╭─ AVAILABLE DATA

lemma opnorm_matrix_mult_le:
  "opnorm ((A::complex^'n::finite^'m::finite) ** (B::complex^'k::finite^'n)) \<le> opnorm A * opnorm B"
proof -
  have "(\<lambda>x. (A ** B) *v x) = (\<lambda>x. A *v x) \<circ> (\<lambda>x. B *v x)"
    by (simp add: fun_eq_iff matrix_vector_mul_assoc)
  then show ?thesis
    unfolding opnorm_def by (simp add: onorm_compose)
qed

lemma opnorm_add_le: "opnorm ((A::complex^'n::finite^'m::finite) + B) \<le> opnorm A + opnorm B"
  unfolding opnorm_def matrix_vector_mult_add_rdistrib by (rule onorm_triangle) simp_all

lemma opnorm_diff_le: "opnorm ((A::complex^'n::finite^'m::finite) - B) \<le> opnorm A + opnorm B"
proof -
  have "(\<lambda>x. (- B) *v x) = (\<lambda>x. - (B *v x))"
    by (simp add: fun_eq_iff vec_eq_iff matrix_vector_mult_def sum_negf)
  then have "opnorm (- B) = opnorm B"
    unfolding opnorm_def by (simp add: onorm_neg)
  then show ?thesis
    using opnorm_add_le[of A "- B"] by simp
qed

lemma inner_complex_cnj: "inner (z::complex) w = Re (cnj z * w)"
  by (simp add: inner_complex_def)

lemma inner_matrix_vector_mult_cadj:
  "inner ((A::complex^'n::finite^'m::finite) *v x) y = inner x (cadj A *v y)"
proof -
  have "inner (A *v x) y = Re (\<Sum>i\<in>UNIV. \<Sum>j\<in>UNIV. cnj (A$i$j) * cnj (x$j) * y$i)"
    by (simp add: inner_vec_def inner_complex_cnj matrix_vector_mult_def Re_sum sum_distrib_right)
  also have "\<dots> = Re (\<Sum>j\<in>UNIV. \<Sum>i\<in>UNIV. cnj (A$i$j) * cnj (x$j) * y$i)"
    by (subst sum.swap) (rule refl)
  also have "\<dots> = inner x (cadj A *v y)"
    by (simp add: inner_vec_def inner_complex_cnj matrix_vector_mult_def cadj_def Re_sum
        sum_distrib_left mult_ac)
  finally show ?thesis .
qed

lemma cadj_cadj [simp]: "cadj (cadj A) = A"
  by (simp add: cadj_def vec_eq_iff)

lemma cadj_matrix_mult:
  "cadj ((A::complex^'n::finite^'m::finite) ** (B::complex^'k::finite^'n)) = cadj B ** cadj A"
  by (simp add: cadj_def matrix_matrix_mult_def vec_eq_iff mult.commute)

lemma unitary_cadj: "unitary U \<Longrightarrow> unitary (cadj U)"
  by (auto simp: unitary_def)

lemma norm_unitary_mult: "unitary U \<Longrightarrow> norm (U *v x) = norm x"
proof -
  assume "unitary U"
  then have "inner (U *v x) (U *v x) = inner x x"
    by (simp add: inner_matrix_vector_mult_cadj matrix_vector_mul_assoc unitary_def)
  then show ?thesis
    by (simp add: norm_eq_sqrt_inner)
qed

lemma opnorm_unitary_le: "unitary U \<Longrightarrow> opnorm U \<le> 1"
  by (rule opnorm_le) (simp add: norm_unitary_mult)

lemma opnorm_projector_le: "projector P \<Longrightarrow> opnorm P \<le> 1"
proof (rule opnorm_le)
  fix x
  assume "projector P"
  then have "(norm (P *v x))\<^sup>2 = inner x (P *v x)"
    by (simp add: power2_norm_eq_inner inner_matrix_vector_mult_cadj matrix_vector_mul_assoc
        projector_def hermitian_def)
  also have "\<dots> \<le> norm x * norm (P *v x)"
    by (rule norm_cauchy_schwarz)
  finally have "norm (P *v x) * norm (P *v x) \<le> norm x * norm (P *v x)"
    by (simp add: power2_eq_square)
  then show "norm (P *v x) \<le> 1 * norm x"
    by (metis mult_right_le_imp_le norm_ge_zero order_le_less mult_1)
qed

lemma cadj_mat1 [simp]: "cadj (mat 1 :: complex^'n::finite^'n) = mat 1"
  by (simp add: cadj_def mat_def vec_eq_iff)

lemma cadj_kron: "cadj (kron A B) = kron (cadj A) (cadj B)"
  by (simp add: kron_def cadj_def vec_eq_iff)

lemma kron_mult: "kron A B ** kron C D = kron (A ** C) (B ** D)"
proof -
  have "(\<Sum>r\<in>UNIV. A $ fst p $ fst r * B $ snd p $ snd r * (C $ fst r $ fst q * D $ snd r $ snd q)) =
        (\<Sum>r\<in>UNIV. A $ fst p $ r * C $ r $ fst q) * (\<Sum>s\<in>UNIV. B $ snd p $ s * D $ s $ snd q)"
    for p q :: "'a::finite \<times> 'b::finite"
    by (simp add: sum_product sum.cartesian_product case_prod_unfold mult_ac)
  then show ?thesis
    by (simp add: kron_def matrix_matrix_mult_def vec_eq_iff)
qed

lemma kron_add_left: "kron (A + B) C = kron A C + kron B C"
  by (simp add: kron_def vec_eq_iff distrib_right)

lemma projector_mat1_kron: "projector P \<Longrightarrow> projector (kron (mat 1) P)"
  by (simp add: projector_def hermitian_def cadj_kron kron_mult)

lemma opnorm_kron_mat1_le:
  "opnorm (kron (A::complex^'h::finite^'h) (mat 1 :: complex^'a::finite^'a)) \<le> opnorm A"
proof (rule opnorm_le)
  fix x :: "complex^('h \<times> 'a)"
  define slice where "slice y b = (\<chi> h. y $ (h, b))" for y :: "complex^('h \<times> 'a)" and b
  have kron_slice: "slice (kron A (mat 1) *v x) b = A *v slice x b" for b
  proof -
    have "(kron A (mat 1) *v x) $ (h, b) =
          (\<Sum>r\<in>UNIV. \<Sum>s\<in>UNIV. A $ h $ r * (if b = s then 1 else 0) * x $ (r, s))" for h
      by (simp add: kron_def matrix_vector_mult_def mat_def sum.cartesian_product case_prod_unfold)
    then show ?thesis
      by (simp add: slice_def matrix_vector_mult_def vec_eq_iff if_distrib if_distribR cong: if_cong)
  qed
  have norm_slices: "(norm y)\<^sup>2 = (\<Sum>b\<in>UNIV. (norm (slice y b))\<^sup>2)" for y
  proof -
    have "(norm y)\<^sup>2 = (\<Sum>h\<in>UNIV. \<Sum>b\<in>UNIV. (norm (y $ (h, b)))\<^sup>2)"
      by (simp add: power2_norm_eq_inner inner_vec_def sum.cartesian_product flip: UNIV_Times_UNIV)
    also have "\<dots> = (\<Sum>b\<in>UNIV. \<Sum>h\<in>UNIV. (norm (y $ (h, b)))\<^sup>2)"
      by (rule sum.swap)
    finally show ?thesis
      by (simp add: slice_def power2_norm_eq_inner inner_vec_def)
  qed
  have "(norm (kron A (mat 1) *v x))\<^sup>2 = (\<Sum>b\<in>UNIV. (norm (A *v slice x b))\<^sup>2)"
    by (simp add: norm_slices kron_slice)
  also have "\<dots> \<le> (\<Sum>b\<in>UNIV. (opnorm A * norm (slice x b))\<^sup>2)"
    by (intro sum_mono power_mono norm_matrix_vector_mult_le norm_ge_zero)
  also have "\<dots> = (opnorm A * norm x)\<^sup>2"
    by (simp add: power_mult_distrib norm_slices[of x] sum_distrib_left)
  finally show "norm (kron A (mat 1) *v x) \<le> opnorm A * norm x"
    using opnorm_nonneg[of A] by (simp add: power2_le_iff_abs_le)
qed

lemma matrix_add_rdistrib: "((A::'a::semiring_1^'n^'m) + B) ** C = A ** C + B ** C"
  by (simp add: matrix_matrix_mult_def vec_eq_iff distrib_right sum.distrib)

lemma matrix_diff_rdistrib: "((A::'a::ring_1^'n^'m) - B) ** C = A ** C - B ** C"
  by (simp add: matrix_matrix_mult_def vec_eq_iff left_diff_distrib sum_subtractf)

lemma matrix_diff_ldistrib: "(A::'a::ring_1^'n^'m) ** (B - C) = A ** B - A ** C"
  by (simp add: matrix_matrix_mult_def vec_eq_iff right_diff_distrib sum_subtractf)

lemma matrix_mult_cadj_unitary_cancel: "unitary U \<Longrightarrow> A ** cadj U ** U = A"
  by (simp add: unitary_def flip: matrix_mul_assoc)

lemma projector_unitary_conj:
  assumes "projector P" and "unitary U"
  shows "projector (U ** P ** cadj U)"
proof -
  have "(U ** P ** cadj U) ** (U ** P ** cadj U) = U ** (P ** P) ** cadj U"
    using assms(2) by (simp add: matrix_mul_assoc matrix_mult_cadj_unitary_cancel)
  with assms(1) show ?thesis
    by (simp add: projector_def hermitian_def cadj_matrix_mult matrix_mul_assoc)
qed

lemma opnorm_compress_le: "opnorm P \<le> 1 \<Longrightarrow> opnorm (P ** A ** P) \<le> opnorm A"
proof -
  assume P: "opnorm P \<le> 1"
  have "opnorm (P ** A ** P) \<le> opnorm (P ** A) * opnorm P"
    by (rule opnorm_matrix_mult_le)
  also have "\<dots> \<le> opnorm (P ** A)"
    by (rule mult_left_le[OF P opnorm_nonneg])
  also have "\<dots> \<le> opnorm P * opnorm A"
    by (rule opnorm_matrix_mult_le)
  also have "\<dots> \<le> opnorm A"
    by (rule mult_left_le_one_le[OF opnorm_nonneg opnorm_nonneg P])
  finally show ?thesis .
qed

lemma opnorm_unitary_conj_diff_le:
  assumes "unitary U"
  shows "opnorm (X - U ** X ** cadj U) \<le> 2 * opnorm (U - mat 1) * opnorm X"
proof -
  define D where "D = U - mat 1"
  have "X - U ** X ** cadj U = (X ** D - D ** X) ** cadj U"
    using assms by (simp add: D_def matrix_diff_ldistrib matrix_diff_rdistrib unitary_def
        flip: matrix_mul_assoc)
  also have "opnorm \<dots> \<le> opnorm (X ** D - D ** X) * opnorm (cadj U)"
    by (rule opnorm_matrix_mult_le)
  also have "\<dots> \<le> opnorm (X ** D - D ** X)"
    by (rule mult_left_le[OF opnorm_unitary_le[OF unitary_cadj[OF assms]] opnorm_nonneg])
  also have "\<dots> \<le> opnorm X * opnorm D + opnorm D * opnorm X"
    by (intro order_trans[OF opnorm_diff_le] add_mono opnorm_matrix_mult_le)
  finally show ?thesis by (simp add: D_def mult_ac)
qed

lemma opnorm_compress_unitary_conj_diff_le:
  assumes "projector P" and "unitary U"
  shows "opnorm (P ** (X - U ** X ** cadj U) ** P) \<le> 2 * opnorm (U - mat 1) * opnorm X"
  using opnorm_compress_le[OF opnorm_projector_le[OF assms(1)]]
    opnorm_unitary_conj_diff_le[OF assms(2)]
  by (rule order_trans)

╰─

▸ YOUR INSTRUCTIONS
Only the lines with "then" are needed; find them in the records and copy each one.

▸ RESPONSE TO THE TASK
  then show ?thesis
  then have "opnorm (- B) = opnorm B"
  then show ?thesis
  then have "inner (U *v x) (U *v x) = inner x x"
  then show ?thesis
  then have "(norm (P *v x))\<^sup>2 = inner x (P *v x)"
  then show "norm (P *v x) \<le> 1 * norm x"
  then show ?thesis
          (\<Sum>r\<in>UNIV. \<Sum>s\<in>UNIV. A $ h $ r * (if b = s then 1 else 0) * x $ (r, s))" for h
    then show ?thesis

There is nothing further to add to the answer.